#### YOUR ASSIGNMENT
From the entries below, determine the number of lines that contain "bool". Give that number by itself.

Segment Start: DATASET ENTRIES

text \<open>A strict symmetric monoidal dagger category with a pure subcategory,
  chosen self-dualities and an environment structure, bundled as a record.
  Objects are all elements of type 'o; morphisms are the elements m of type 'm
  with c_arr C m.  c_comp C g f is g after f.\<close>

record ('o, 'm) env_cat =
  c_arr   :: "'m \<Rightarrow> bool"
  c_dom   :: "'m \<Rightarrow> 'o"
  c_cod   :: "'m \<Rightarrow> 'o"
  c_comp  :: "'m \<Rightarrow> 'm \<Rightarrow> 'm"
  c_id    :: "'o \<Rightarrow> 'm"
  c_otimes :: "'o \<Rightarrow> 'o \<Rightarrow> 'o"
  c_tens  :: "'m \<Rightarrow> 'm \<Rightarrow> 'm"
  c_unit  :: "'o"
  c_sym   :: "'o \<Rightarrow> 'o \<Rightarrow> 'm"
  c_dag   :: "'m \<Rightarrow> 'm"
  c_pure  :: "'m \<Rightarrow> bool"
  c_eta   :: "'o \<Rightarrow> 'm"
  c_top   :: "'o \<Rightarrow> 'm"

definition composable :: "('o, 'm, 'z) env_cat_scheme \<Rightarrow> 'm \<Rightarrow> 'm \<Rightarrow> bool" where
  "composable C g f \<longleftrightarrow> c_arr C f \<and> c_arr C g \<and> c_dom C g = c_cod C f"

locale environment_category =
  fixes C :: "('o, 'm, 'z) env_cat_scheme"
  assumes
    id_arr: "c_arr C (c_id C a)" and
    id_dom: "c_dom C (c_id C a) = a" and
    id_cod: "c_cod C (c_id C a) = a" and
    comp_arr: "composable C g f \<Longrightarrow> c_arr C (c_comp C g f)" and
    comp_dom: "composable C g f \<Longrightarrow> c_dom C (c_comp C g f) = c_dom C f" and
    comp_cod: "composable C g f \<Longrightarrow> c_cod C (c_comp C g f) = c_cod C g" and
    comp_id_right: "c_arr C f \<Longrightarrow> c_comp C f (c_id C (c_dom C f)) = f" and
    comp_id_left: "c_arr C f \<Longrightarrow> c_comp C (c_id C (c_cod C f)) f = f" and
    comp_assoc: "composable C g f \<Longrightarrow> composable C h g \<Longrightarrow>
        c_comp C h (c_comp C g f) = c_comp C (c_comp C h g) f" and
    tens_arr: "c_arr C f \<Longrightarrow> c_arr C g \<Longrightarrow> c_arr C (c_tens C f g)" and
    tens_dom: "c_arr C f \<Longrightarrow> c_arr C g \<Longrightarrow>
        c_dom C (c_tens C f g) = c_otimes C (c_dom C f) (c_dom C g)" and
    tens_cod: "c_arr C f \<Longrightarrow> c_arr C g \<Longrightarrow>
        c_cod C (c_tens C f g) = c_otimes C (c_cod C f) (c_cod C g)" and
    tens_id: "c_tens C (c_id C a) (c_id C b) = c_id C (c_otimes C a b)" and
    interchange: "composable C g f \<Longrightarrow> composable C g' f' \<Longrightarrow>
        c_tens C (c_comp C g f) (c_comp C g' f') = c_comp C (c_tens C g g') (c_tens C f f')" and
    otimes_assoc: "c_otimes C (c_otimes C a b) c = c_otimes C a (c_otimes C b c)" and
    otimes_unit_left: "c_otimes C (c_unit C) a = a" and
    otimes_unit_right: "c_otimes C a (c_unit C) = a" and
    tens_assoc: "c_arr C f \<Longrightarrow> c_arr C g \<Longrightarrow> c_arr C h \<Longrightarrow>
        c_tens C (c_tens C f g) h = c_tens C f (c_tens C g h)" and
    tens_unit_left: "c_arr C f \<Longrightarrow> c_tens C (c_id C (c_unit C)) f = f" and
    tens_unit_right: "c_arr C f \<Longrightarrow> c_tens C f (c_id C (c_unit C)) = f" and
    sym_arr: "c_arr C (c_sym C a b)" and
    sym_dom: "c_dom C (c_sym C a b) = c_otimes C a b" and
    sym_cod: "c_cod C (c_sym C a b) = c_otimes C b a" and
    sym_natural: "c_arr C f \<Longrightarrow> c_arr C g \<Longrightarrow>
        c_comp C (c_sym C (c_cod C f) (c_cod C g)) (c_tens C f g)
        = c_comp C (c_tens C g f) (c_sym C (c_dom C f) (c_dom C g))" and
    sym_inverse: "c_comp C (c_sym C b a) (c_sym C a b) = c_id C (c_otimes C a b)" and
    sym_hexagon: "c_sym C a (c_otimes C b c)
        = c_comp C (c_tens C (c_id C b) (c_sym C a c)) (c_tens C (c_sym C a b) (c_id C c))" and
    dag_arr: "c_arr C f \<Longrightarrow> c_arr C (c_dag C f)" and
    dag_dom: "c_arr C f \<Longrightarrow> c_dom C (c_dag C f) = c_cod C f" and
    dag_cod: "c_arr C f \<Longrightarrow> c_cod C (c_dag C f) = c_dom C f" and
    dag_invol: "c_arr C f \<Longrightarrow> c_dag C (c_dag C f) = f" and
    dag_id: "c_dag C (c_id C a) = c_id C a" and
    dag_comp: "composable C g f \<Longrightarrow> c_dag C (c_comp C g f) = c_comp C (c_dag C f) (c_dag C g)" and
    dag_tens: "c_arr C f \<Longrightarrow> c_arr C g \<Longrightarrow> c_dag C (c_tens C f g) = c_tens C (c_dag C f) (c_dag C g)" and
    dag_sym: "c_dag C (c_sym C a b) = c_sym C b a" and
    pure_arr: "c_pure C f \<Longrightarrow> c_arr C f" and
    pure_id: "c_pure C (c_id C a)" and
    pure_sym: "c_pure C (c_sym C a b)" and
    pure_eta: "c_pure C (c_eta C a)" and
    pure_comp: "c_pure C f \<Longrightarrow> c_pure C g \<Longrightarrow> c_dom C g = c_cod C f \<Longrightarrow> c_pure C (c_comp C g f)" and
    pure_tens: "c_pure C f \<Longrightarrow> c_pure C g \<Longrightarrow> c_pure C (c_tens C f g)" and
    pure_dag: "c_pure C f \<Longrightarrow> c_pure C (c_dag C f)" and
    eta_arr: "c_arr C (c_eta C a)" and
    eta_dom: "c_dom C (c_eta C a) = c_unit C" and
    eta_cod: "c_cod C (c_eta C a) = c_otimes C a a" and
    eta_snake: "c_comp C (c_tens C (c_dag C (c_eta C a)) (c_id C a))
                 (c_tens C (c_id C a) (c_eta C a)) = c_id C a" and
    eta_sym: "c_comp C (c_sym C a a) (c_eta C a) = c_eta C a" and
    top_arr: "c_arr C (c_top C a)" and
    top_dom: "c_dom C (c_top C a) = a" and
    top_cod: "c_cod C (c_top C a) = c_unit C" and
    E1: "c_pure C f \<Longrightarrow> c_pure C g \<Longrightarrow> c_dom C f = a \<Longrightarrow> c_dom C g = a \<Longrightarrow>
        c_cod C f = b \<Longrightarrow> c_cod C g = b \<Longrightarrow>
        (c_comp C (c_dag C f) f = c_comp C (c_dag C g) g
          \<longleftrightarrow> c_comp C (c_top C b) f = c_comp C (c_top C b) g)" and
    E2: "c_top C (c_otimes C a b) = c_tens C (c_top C a) (c_top C b)" and
    E3: "c_comp C (c_tens C (c_id C a) (c_top C a)) (c_eta C a) = c_dag C (c_top C a)"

Segment End: DATASET ENTRIES

#### COMPLETED EXERCISE
3